### What is being asked
In the records below, find the line with "using exists_hard_instance[OF \<open>eps"; retype that line and all the following lines through the end, exactly, and add nothing.

Stored items
lemma newton_polygon_subset:
  assumes "convex S" "\<And>i j x y. bcoeff g i j \<noteq> 0 \<Longrightarrow> real i \<le> x \<Longrightarrow> real j \<le> y \<Longrightarrow> (x, y) \<in> S"
  shows "newton_polygon g \<subseteq> S"
  unfolding newton_polygon_eq
  by (rule hull_minimal) (use assms in \<open>auto simp: mem_support_quadrants\<close>)

lemma quadrant_in_newton_polygon:
  "bcoeff g i j \<noteq> 0 \<Longrightarrow> real i \<le> x \<Longrightarrow> real j \<le> y \<Longrightarrow> (x, y) \<in> newton_polygon g"
  unfolding newton_polygon_eq by (rule hull_inc) (auto simp: mem_support_quadrants)

lemma newton_polygon_upward:
  assumes "P \<in> newton_polygon g" "h \<ge> 0"
  shows "P + (0, h) \<in> newton_polygon g"
proof -
  have "{P. P + (0, h) \<in> newton_polygon g} = (+) (0, - h) ` newton_polygon g"
    by (force simp: image_iff)
  then have "convex {P. P + (0, h) \<in> newton_polygon g}"
    unfolding newton_polygon_eq by (simp add: convex_translation)
  moreover have "(x, y) + (0, h) \<in> newton_polygon g"
    if "bcoeff g i j \<noteq> 0" "real i \<le> x" "real j \<le> y" for i j x y
    using quadrant_in_newton_polygon[OF that(1,2), of "y + h"] that(3) assms(2) by simp
  ultimately show ?thesis
    using newton_polygon_subset[of "{P. P + (0, h) \<in> newton_polygon g}" g] assms(1) by blast
qed

lemma newton_polygon_weight_ge:
  assumes "a \<ge> 0" "b \<ge> 0" "\<And>i j. bcoeff g i j \<noteq> 0 \<Longrightarrow> m \<le> a * real i + b * real j"
    and "P \<in> newton_polygon g"
  shows "m \<le> a * fst P + b * snd P"
proof -
  have "{P. m \<le> a * fst P + b * snd P} = {P. inner (a, b) P \<ge> m}"
    by (simp add: inner_prod_def)
  then have "convex {P. m \<le> a * fst P + b * snd P}"
    using convex_halfspace_ge by metis
  moreover have "m \<le> a * x + b * y" if "bcoeff g i j \<noteq> 0" "real i \<le> x" "real j \<le> y" for i j x y
    using assms(3)[OF that(1)] that(2,3) assms(1,2) mult_left_mono[of "real i" x a] mult_left_mono[of "real j" y b]
    by linarith
  ultimately show ?thesis
    using newton_polygon_subset[of "{P. m \<le> a * fst P + b * snd P}" g] assms(4) by auto
qed

lemma extreme_point_of_newton_polygon:
  fixes a b :: nat
  assumes ab: "a > 0" "b > 0" and p: "bcoeff g i0 j0 \<noteq> 0"
    and min: "\<And>i j. bcoeff g i j \<noteq> 0 \<Longrightarrow> (i, j) \<noteq> (i0, j0) \<Longrightarrow> a * i0 + b * j0 < a * i + b * j"
  shows "(real i0, real j0) extreme_point_of newton_polygon g"
proof -
  define w where "w x = inner (real a, real b) x" for x
  have "(x, y) \<in> insert (real i0, real j0) {x. w (real i0, real j0) < w x}"
    if "bcoeff g i j \<noteq> 0" "real i \<le> x" "real j \<le> y" for i j x y
  proof (cases "(i, j) = (i0, j0)")
    case True
    have "w (real i0, real j0) < w (x, y)" if "(x, y) \<noteq> (real i0, real j0)"
    proof -
      have "real i0 < x \<or> real j0 < y"
        using True \<open>real i \<le> x\<close> \<open>real j \<le> y\<close> that by auto
      then show ?thesis
        unfolding w_def using True \<open>real i \<le> x\<close> \<open>real j \<le> y\<close> ab
        by (auto intro: add_less_le_mono add_le_less_mono mult_left_mono)
    qed
    then show ?thesis
      by auto
  next
    case False
    have "real (a * i0 + b * j0) < real (a * i + b * j)"
      using min[OF that(1) False] by (simp only: of_nat_less_iff)
    also have "\<dots> \<le> w (x, y)"
      unfolding w_def using that(2,3) by (auto intro!: add_mono mult_left_mono)
    finally show ?thesis
      unfolding w_def by simp
  qed
  then have "newton_polygon g \<subseteq> insert (real i0, real j0) {x. w (real i0, real j0) < w x}"
    unfolding w_def by (intro newton_polygon_subset convex_insert_strict_superlevel)
  moreover have "(real i0, real j0) \<in> newton_polygon g"
    using quadrant_in_newton_polygon[OF p] by simp
  ultimately show ?thesis
    unfolding w_def by (intro extreme_point_of_strict_minimizer[where c = "(real a, real b)"]) auto
qed
lemma opt_radius_pos:
  assumes "finite X" and "0 < m" and "m < card X"
    and separated: "\<And>x y. x \<in> X \<Longrightarrow> y \<in> X \<Longrightarrow> x \<noteq> y \<Longrightarrow> 0 < l2dist x y"
  shows "0 < opt_radius X m"
proof -
  define \<C> where "\<C> = {C. C \<subseteq> X \<and> card C = m}"
  have "finite \<C>" using \<open>finite X\<close> by (simp add: \<C>_def finite_subset[of _ "Pow X"])
  have "\<C> \<noteq> {}"
    using obtain_subset_with_card_n[of m X] \<open>m < card X\<close> by (auto simp: \<C>_def)
  have "0 < (MAX x\<in>X. MIN c\<in>C. l2dist x c)" if "C \<in> \<C>" for C
  proof -
    have "C \<subseteq> X" and "card C = m" using that by (auto simp: \<C>_def)
    then have "finite C" and "C \<noteq> {}" using \<open>finite X\<close> \<open>0 < m\<close> finite_subset by auto
    have "\<not> X \<subseteq> C"
      using card_mono[OF \<open>finite C\<close>] \<open>card C = m\<close> \<open>m < card X\<close> by (meson leD)
    then obtain x where "x \<in> X" and "x \<notin> C" by blast
    then have "0 < (MIN c\<in>C. l2dist x c)"
      using \<open>finite C\<close> \<open>C \<noteq> {}\<close> \<open>C \<subseteq> X\<close> by (auto simp: Min_gr_iff intro!: separated)
    also have "\<dots> \<le> (MAX x\<in>X. MIN c\<in>C. l2dist x c)"
      using \<open>finite X\<close> \<open>x \<in> X\<close> by (intro Max_ge) auto
    finally show ?thesis .
  qed
  then show ?thesis
    using \<open>finite \<C>\<close> \<open>\<C> \<noteq> {}\<close> by (simp add: opt_radius_def \<C>_def[symmetric] Min_gr_iff)
qed

definition line_config :: "real \<Rightarrow> nat \<Rightarrow> point set" where
  "line_config u k = insert [- u / 2] ((\<lambda>j. [real j * u]) ` {..<k})"

lemma line_config_cases:
  assumes "x \<in> line_config u k"
  obtains "x = [- u / 2]" | j where "j < k" and "x = [real j * u]"
  using assms by (auto simp: line_config_def)

lemma line_config_singleton: "x \<in> line_config u k \<Longrightarrow> x = [hd x]"
  by (auto simp: line_config_def)

lemma card_line_config:
  assumes "0 < u"
  shows "card (line_config u k) = Suc k"
proof -
  have "- u / 2 \<noteq> real j * u" for j
  proof -
    have "0 \<le> real j * u" using \<open>0 < u\<close> by simp
    then show ?thesis using \<open>0 < u\<close> by linarith
  qed
  then have "[- u / 2] \<notin> (\<lambda>j. [real j * u]) ` {..<k}" by auto
  moreover have "inj_on (\<lambda>j. [real j * u]) {..<k}"
    using \<open>0 < u\<close> by (auto simp: inj_on_def)
  ultimately show ?thesis by (simp add: line_config_def card_image)
qed

lemma line_config_separated:
  assumes "x \<in> line_config u k" and "y \<in> line_config u k" and "x \<noteq> y"
  shows "0 < l2dist x y"
proof -
  have "x = [hd x]" and "y = [hd y]" using assms(1,2) by (auto intro: line_config_singleton)
  then show ?thesis using \<open>x \<noteq> y\<close> by (metis l2dist_singleton zero_less_abs_iff right_minus_eq)
qed

definition inner_points :: "real \<Rightarrow> nat \<Rightarrow> point set" where
  "inner_points u k = (\<lambda>j. [real j * u]) ` {1..<k}"

lemma inner_points_subset: "inner_points u k \<subseteq> line_config u k"
  by (auto simp: inner_points_def line_config_def)

lemma card_inner_points: "0 < u \<Longrightarrow> card (inner_points u k) = k - 1"
  by (simp add: inner_points_def card_image inj_on_def)

lemma inner_points_isolated:
  assumes "0 < u" and "s \<in> inner_points u k" and "y \<in> line_config u k" and "y \<noteq> s"
  shows "u \<le> l2dist y s"
proof -
  obtain j where "1 \<le> j" and s: "s = [real j * u]" using assms(2) by (auto simp: inner_points_def)
  show ?thesis
    using assms(3)
  proof (cases rule: line_config_cases)
    case 1
    have "u \<le> real j * u" using \<open>0 < u\<close> \<open>1 \<le> j\<close> by simp
    then show ?thesis using \<open>0 < u\<close> unfolding 1 s l2dist_singleton by linarith
  next
    case (2 i)
    then have "1 \<le> \<bar>real i - real j\<bar>" using \<open>y \<noteq> s\<close> s by auto
    then have "u \<le> \<bar>real i - real j\<bar> * u" using \<open>0 < u\<close> by simp
    then show ?thesis using \<open>0 < u\<close> 2 s by (simp add: l2dist_singleton abs_mult flip: left_diff_distrib)
  qed
qed

lemma opt_radius_line_config:
  assumes "0 < u" and "1 \<le> k"
  shows "0 < opt_radius (line_config u k) k" and "opt_radius (line_config u k) k \<le> u / 2"
proof -
  have "finite (line_config u k)" by (simp add: line_config_def)
  then show "0 < opt_radius (line_config u k) k"
    using assms card_line_config line_config_separated by (intro opt_radius_pos) auto
  have "\<exists>c\<in>(\<lambda>j. [real j * u]) ` {..<k}. l2dist x c \<le> u / 2" if "x \<in> line_config u k" for x
    using that
  proof (cases rule: line_config_cases)
    case 1
    then have "l2dist x [real 0 * u] \<le> u / 2" using \<open>0 < u\<close> by (simp add: l2dist_singleton)
    then show ?thesis using \<open>1 \<le> k\<close> by (intro bexI[of _ "[real 0 * u]"]) auto
  next
    case (2 j)
    then show ?thesis using \<open>0 < u\<close> by (force simp: l2dist_singleton)
  qed
  then show "opt_radius (line_config u k) k \<le> u / 2"
    using \<open>finite (line_config u k)\<close> \<open>0 < u\<close>
    by (intro opt_radius_le[where C = "(\<lambda>j. [real j * u]) ` {..<k}"])
       (auto simp: line_config_def card_image inj_on_def)
qed

theorem corollary2:
  fixes eps :: real and T B :: nat
  assumes "eps > 0" and "T \<ge> 1" and "B \<ge> T"
  defines "k \<equiv> 5 * (B div T) + 5"
  shows "\<exists>(d::nat) (X::point set).
           finite X \<and> X \<noteq> {} \<and> (\<forall>x\<in>X. length x = d) \<and>
           opt_radius X k > 0 \<and>
           (\<forall>\<alpha>::real. \<alpha> > 1 - eps * opt_radius X k \<longrightarrow>
              (\<forall>pol. valid_policy X T B pol \<longrightarrow>
                 (\<exists>A. uvp_instance X T eps A \<and> concave_instance X T A \<and>
                      measure_pmf.expectation (alg_output B pol A) (\<lambda>x. A x T)
                        < \<alpha> * (MAX x\<in>X. A x T))))"
proof -
  define u where "u = 1 / (eps * real T)"
  have "0 < u" using assms by (simp add: u_def)
  define X where "X = line_config u k"
  have "1 \<le> k" by (simp add: k_def)
  note radius = opt_radius_line_config[OF \<open>0 < u\<close> \<open>1 \<le> k\<close>, folded X_def]
  have "real (card (inner_points u k)) = 5 * real (B div T) + 4"
    using card_inner_points[OF \<open>0 < u\<close>] by (simp add: k_def)
  then have card_inner: "1 + real B / real T \<le> real (card (inner_points u k)) / 2"
    using real_divide_less_div_plus_1[of B T] by linarith
  have radius_bound: "1 - 1 / (2 * real T) \<le> 1 - eps * opt_radius X k"
    using mult_left_mono[OF radius(2), of eps] \<open>eps > 0\<close> by (simp add: u_def)
  have "finite X" by (simp add: X_def line_config_def)
  have "inner_points u k \<subseteq> X" by (simp add: X_def inner_points_subset)
  have isolated: "1 / (eps * real T) \<le> l2dist y s" if "s \<in> inner_points u k" "y \<in> X" "y \<noteq> s" for s y
    using inner_points_isolated[OF \<open>0 < u\<close> that[unfolded X_def]] by (simp add: u_def)
  show ?thesis
  proof (intro exI[of _ 1] exI[of _ X] conjI allI impI)
    fix \<alpha> pol assume \<alpha>: "1 - eps * opt_radius X k < \<alpha>" and valid: "valid_policy X T B pol"
    obtain A where "uvp_instance X T eps A" "concave_instance X T A" "(MAX x\<in>X. A x T) = 1"
      and "measure_pmf.expectation (alg_output B pol A) (\<lambda>x. A x T) \<le> 1 - 1 / (2 * real T)"
      using exists_hard_instance[OF \<open>eps > 0\<close> \<open>T \<ge> 1\<close> \<open>finite X\<close> valid
          \<open>inner_points u k \<subseteq> X\<close> card_inner isolated]
      by blast
    then show "\<exists>A. uvp_instance X T eps A \<and> concave_instance X T A \<and>
        measure_pmf.expectation (alg_output B pol A) (\<lambda>x. A x T) < \<alpha> * (MAX x\<in>X. A x T)"
      using \<alpha> radius_bound by fastforce
  qed (use radius(1) in \<open>auto simp: X_def line_config_def\<close>)
qed

end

### Response box
      using exists_hard_instance[OF \<open>eps > 0\<close> \<open>T \<ge> 1\<close> \<open>finite X\<close> valid
          \<open>inner_points u k \<subseteq> X\<close> card_inner isolated]
      by blast
    then show "\<exists>A. uvp_instance X T eps A \<and> concave_instance X T A \<and>
        measure_pmf.expectation (alg_output B pol A) (\<lambda>x. A x T) < \<alpha> * (MAX x\<in>X. A x T)"
      using \<alpha> radius_bound by fastforce
  qed (use radius(1) in \<open>auto simp: X_def line_config_def\<close>)
qed

end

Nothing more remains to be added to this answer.